3.0 out of 5 stars
An interesting new account of Argentine cultural history, Feb 28 2011
By Andrew King - Published on Amazon.com
This review is from: The New Cultural History of Peronism: Power and Identity in Mid-Twentieth-Century Argentina (Paperback)
Unlike other books about this controversial leader, Karush and Chamosa's collection of essays focus on the cultural milieu of the first Peron government (1946-55), and the lasting political changes which ensued. Peron oversaw the rapid industrialisation of Argentine society during the mid 20th century, modernising the nation's power and transport infrastructures, and most importantly developing social services and redirecting profits to the poor. The socialist and protectionist elements of the Peronista ideology are subject to continuing popular debate in Argentina, whilst the leader's personal life and marriage to the iconic Eva Duarte captures much interest from overseas scholars and journalists. For better or worse, Juan Peron was - and continues to be - a massively popular figure in Argentine history. Karush and Chamosa's book explores this important element of Peron's governance, focusing on the interactions between `ordinary Argentines and the regime'.

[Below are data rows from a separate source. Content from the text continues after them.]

(* Let $N\in\{1,2,3,4\}$, let $\omega_1,\dots,\omega_N\in S\oplus V$ be linearly independent over $\mathbb{R}$, $L=\{\sum_{\alpha=1}^N2k_\alpha\omega_\alpha: k\in\mathbb{Z}^N\}$, $\{w_p\}_{p\ge1}$ an enumeration of $L\setminus\{0\}$, and $$\zeta_N(x)=x^{-1}+\sum_{p=1}^\infty\Big\{(x-w_p)^{-1}+\sum_{\mu=0}^{N-1}(w_p^{-1}x)^\mu w_p^{-1}\Big\},\quad x\in(S\oplus V)\setminus L.$$ Then $\zeta_N$ takes its values in $S\oplus V$, and $\zeta_N(-x)=-\zeta_N(x)$ for all $x\in(S\oplus V)\setminus L$.
   Context: $\mathbb{R}_{0,3}$ is the real Clifford algebra generated by $e_1,e_2,e_3$ with $e_ie_j+e_je_i=-2\delta_{ij}$; $e_0=1$. $S\oplus V\subset\mathbb{R}_{0,3}$ is the set of paravectors $x=x_0+\sum_{j=1}^3x_je_j$; for $x\ne0$, $x^{-1}=\bar x/|x|^2$ with $\bar x=x_0-\sum_jx_je_j$, $|x|^2=\sum x_i^2$. *)

theory Defs
  imports Complex_Main
begin

text \<open>Elements of the real Clifford algebra R_{0,3} are represented as coefficient
functions on blades: a multivector a is a function from finite subsets A of {1,2,3}
to reals, a A being the coefficient of e_A = e_{a1} ... e_{ak} (a1 < ... < ak),
e_{} = 1. Coefficients outside Pow {1,2,3} are irrelevant (and are zero for all
multivectors constructed below).\<close>

type_synonym mv = "nat set \<Rightarrow> real"

definition mzero :: mv where "mzero = (\<lambda>_. 0)"
definition mone :: mv where "mone = (\<lambda>A. if A = {} then 1 else 0)"
definition madd :: "mv \<Rightarrow> mv \<Rightarrow> mv" where "madd a b = (\<lambda>A. a A + b A)"
definition msub :: "mv \<Rightarrow> mv \<Rightarrow> mv" where "msub a b = (\<lambda>A. a A - b A)"
definition mneg :: "mv \<Rightarrow> mv" where "mneg a = (\<lambda>A. - a A)"

text \<open>Sign of the blade product e_A e_B = bsign A B * e_{A symdiff B},
using e_i e_j = - e_j e_i (i \<noteq> j) and e_i e_i = -1.\<close>
definition bsign :: "nat set \<Rightarrow> nat set \<Rightarrow> real" where
  "bsign A B = (-1) ^ (card {(i, j). i \<in> A \<and> j \<in> B \<and> j < i} + card (A \<inter> B))"

definition mmul :: "mv \<Rightarrow> mv \<Rightarrow> mv" where
  "mmul a b = (\<lambda>C. \<Sum>A\<in>Pow {1,2,3}. \<Sum>B\<in>Pow {1,2,3}.
      if (A - B) \<union> (B - A) = C then bsign A B * a A * b B else 0)"

primrec mpow :: "mv \<Rightarrow> nat \<Rightarrow> mv" where
  "mpow a 0 = mone"
| "mpow a (Suc n) = mmul (mpow a n) a"

definition paravector :: "mv \<Rightarrow> bool" where
  "paravector x \<longleftrightarrow> (\<forall>A. A \<notin> {{}, {1}, {2}, {3}} \<longrightarrow> x A = 0)"

definition pconj :: "mv \<Rightarrow> mv" where
  "pconj x = (\<lambda>A. if A = {} then x A else - x A)"

definition pnormsq :: "mv \<Rightarrow> real" where
  "pnormsq x = x {} ^ 2 + x {1} ^ 2 + x {2} ^ 2 + x {3} ^ 2"

definition pinv :: "mv \<Rightarrow> mv" where
  "pinv x = (\<lambda>A. pconj x A / pnormsq x)"

definition lattice :: "nat \<Rightarrow> (nat \<Rightarrow> mv) \<Rightarrow> mv set" where
  "lattice N \<omega> = {y. \<exists>k :: nat \<Rightarrow> int. y = (\<lambda>C. \<Sum>\<alpha>\<in>{1..N}. 2 * of_int (k \<alpha>) * \<omega> \<alpha> C)}"

definition zterm :: "nat \<Rightarrow> (nat \<Rightarrow> mv) \<Rightarrow> mv \<Rightarrow> nat \<Rightarrow> mv" where
  "zterm N w x p = (\<lambda>C. pinv (msub x (w p)) C +
      (\<Sum>\<mu><N. mmul (mpow (mmul (pinv (w p)) x) \<mu>) (pinv (w p)) C))"

definition zeta :: "nat \<Rightarrow> (nat \<Rightarrow> mv) \<Rightarrow> mv \<Rightarrow> mv" where
  "zeta N w x = (\<lambda>C. pinv x C + (\<Sum>p. zterm N w x (Suc p) C))"

end

theory Submission
  imports Defs "HOL-Analysis.Analysis"
begin

text \<open>Since y (y^-1 x) = x, the summand at a lattice point y telescopes:
  (x - y)^-1 + (sum over mu < N of (y^-1 x)^mu y^-1) = - (y - x)^-1 y (y^-1 x)^N y^-1,
  which is O(|x|^N / |y|^(N+1)) because the l1 norm of blade coefficients is submultiplicative.
  Linear independence gives |sum of 2 k_alpha omega_alpha| \<ge> e |k_alpha| for every alpha, so
  the sum of |y|^-(N+1) over L - {0} is dominated by a product of N convergent sums
  sum_j (1 + |j|)^-((N+1)/N), and the series converges absolutely. Every summand is a
  paravector: (y^-1 x)^mu y^-1 is a palindromic product of paravectors, hence fixed by
  reversion, and in R_{0,3} reversion fixes exactly the paravectors. Finally the summand is
  odd in (y, x) jointly, and absolute convergence allows reindexing the series by y \<mapsto> -y.\<close>

section \<open>Signs of blade products\<close>

definition inversions :: "nat set \<Rightarrow> nat set \<Rightarrow> nat" where
  "inversions A B = card {(i, j). i \<in> A \<and> j \<in> B \<and> j < i}"
(* Let $G$ be a DAG or MAG on $\{Y,X_1,\dots,X_d\}$ ($d\ge1$) whose skeleton is the path $Y - X_d - X_{d-1} - \cdots - X_1$, with arbitrary edge orientations. Then $N_G=d+1$.
   Context: For $A\subseteq\{1,\dots,d\}$, $\mathbf{X}_A:=\{X_i:i\in A\}$. $\perp_G$ is d-separation (m-separation for a MAG). For $S',S''\subseteq\{1,\dots,d\}$, $S'\sim_G S''$ iff there exists $S_\cap\subseteq S'\cap S''$ with $Y\perp_G\mathbf{X}_{(S'\cup S'')\setminus S_\cap}\mid\mathbf{X}_{S_\cap}$ (separation from the empty set holds trivially); this is an equivalence relation, and $N_G$ denotes the number of its equivalence classes on the power set of $\{1,\dots,d\}$. *)

theory Defs
  imports Main
begin

text \<open>Mixed graphs (covering DAGs and MAGs) are given by edge marks:
  g a b = None if a and b are non-adjacent, otherwise g a b is the mark
  at the endpoint b of the edge between a and b (Tail or Arrow).
  So a \<rightarrow> b is g a b = Some Arrow, g b a = Some Tail;
  a \<leftrightarrow> b is both marks Arrow; a - b is both marks Tail.\<close>

datatype emark = Tail | Arrow

type_synonym 'v mgraph = "'v \<Rightarrow> 'v \<Rightarrow> emark option"

definition adj :: "'v mgraph \<Rightarrow> 'v \<Rightarrow> 'v \<Rightarrow> bool" where
  "adj g a b = (g a b \<noteq> None)"

definition dir_edges :: "'v mgraph \<Rightarrow> ('v \<times> 'v) set" where
  "dir_edges g = {(u, v). g u v = Some Arrow \<and> g v u = Some Tail}"

definition anc :: "'v mgraph \<Rightarrow> 'v \<Rightarrow> 'v \<Rightarrow> bool" where
  "anc g a b = ((a, b) \<in> (dir_edges g)\<^sup>*)"

definition well_formed :: "'v set \<Rightarrow> 'v mgraph \<Rightarrow> bool" where
  "well_formed V g = ((\<forall>a b. g a b \<noteq> None \<longrightarrow> a \<in> V \<and> b \<in> V \<and> a \<noteq> b)
      \<and> (\<forall>a b. g a b = None \<longleftrightarrow> g b a = None))"

definition is_path :: "'v mgraph \<Rightarrow> 'v list \<Rightarrow> bool" where
  "is_path g xs = (xs \<noteq> [] \<and> distinct xs \<and>
      (\<forall>i. Suc i < length xs \<longrightarrow> adj g (xs ! i) (xs ! Suc i)))"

The most innovative part of this project, for me, was the analyses of a range of cultural texts, such as folk and tango music, beauty contests and television melodramas. Without much of a background in Latin American history, it was informing to read about the relationship between the emerging creative industries of the day, such as film, television, magazines and even modernist architectural design, and the regime's style of governance, public relations and speech writing. The authors situate this approach to popular culture within a growing body of literature from Latin American studies, highlighting the work of Daniel James in particular, whose `bottom-up' (7) analysis of Peronist workers highlights the grass-roots influence different social groups had upon the regime's social outlook.
This perspective is captured in Karush's opening article, which looks at how Peron's rhetoric and communication styles were appropriated from the mass culture of the 1930s. Karush shows how popular melodramas, tango lyrics and radio programs provided powerful narratives of social mobility for working class Argentines. Peron capitalised upon these narratives in his metaphors of nation-building and use of working class vernacular in public speeches. Peron's popularity is examined in relation to working class styles of dress and manners in the following chapter, which again draws attention to how Argentina's political divisions were being fought over cultural codes and symbols in the popular domain.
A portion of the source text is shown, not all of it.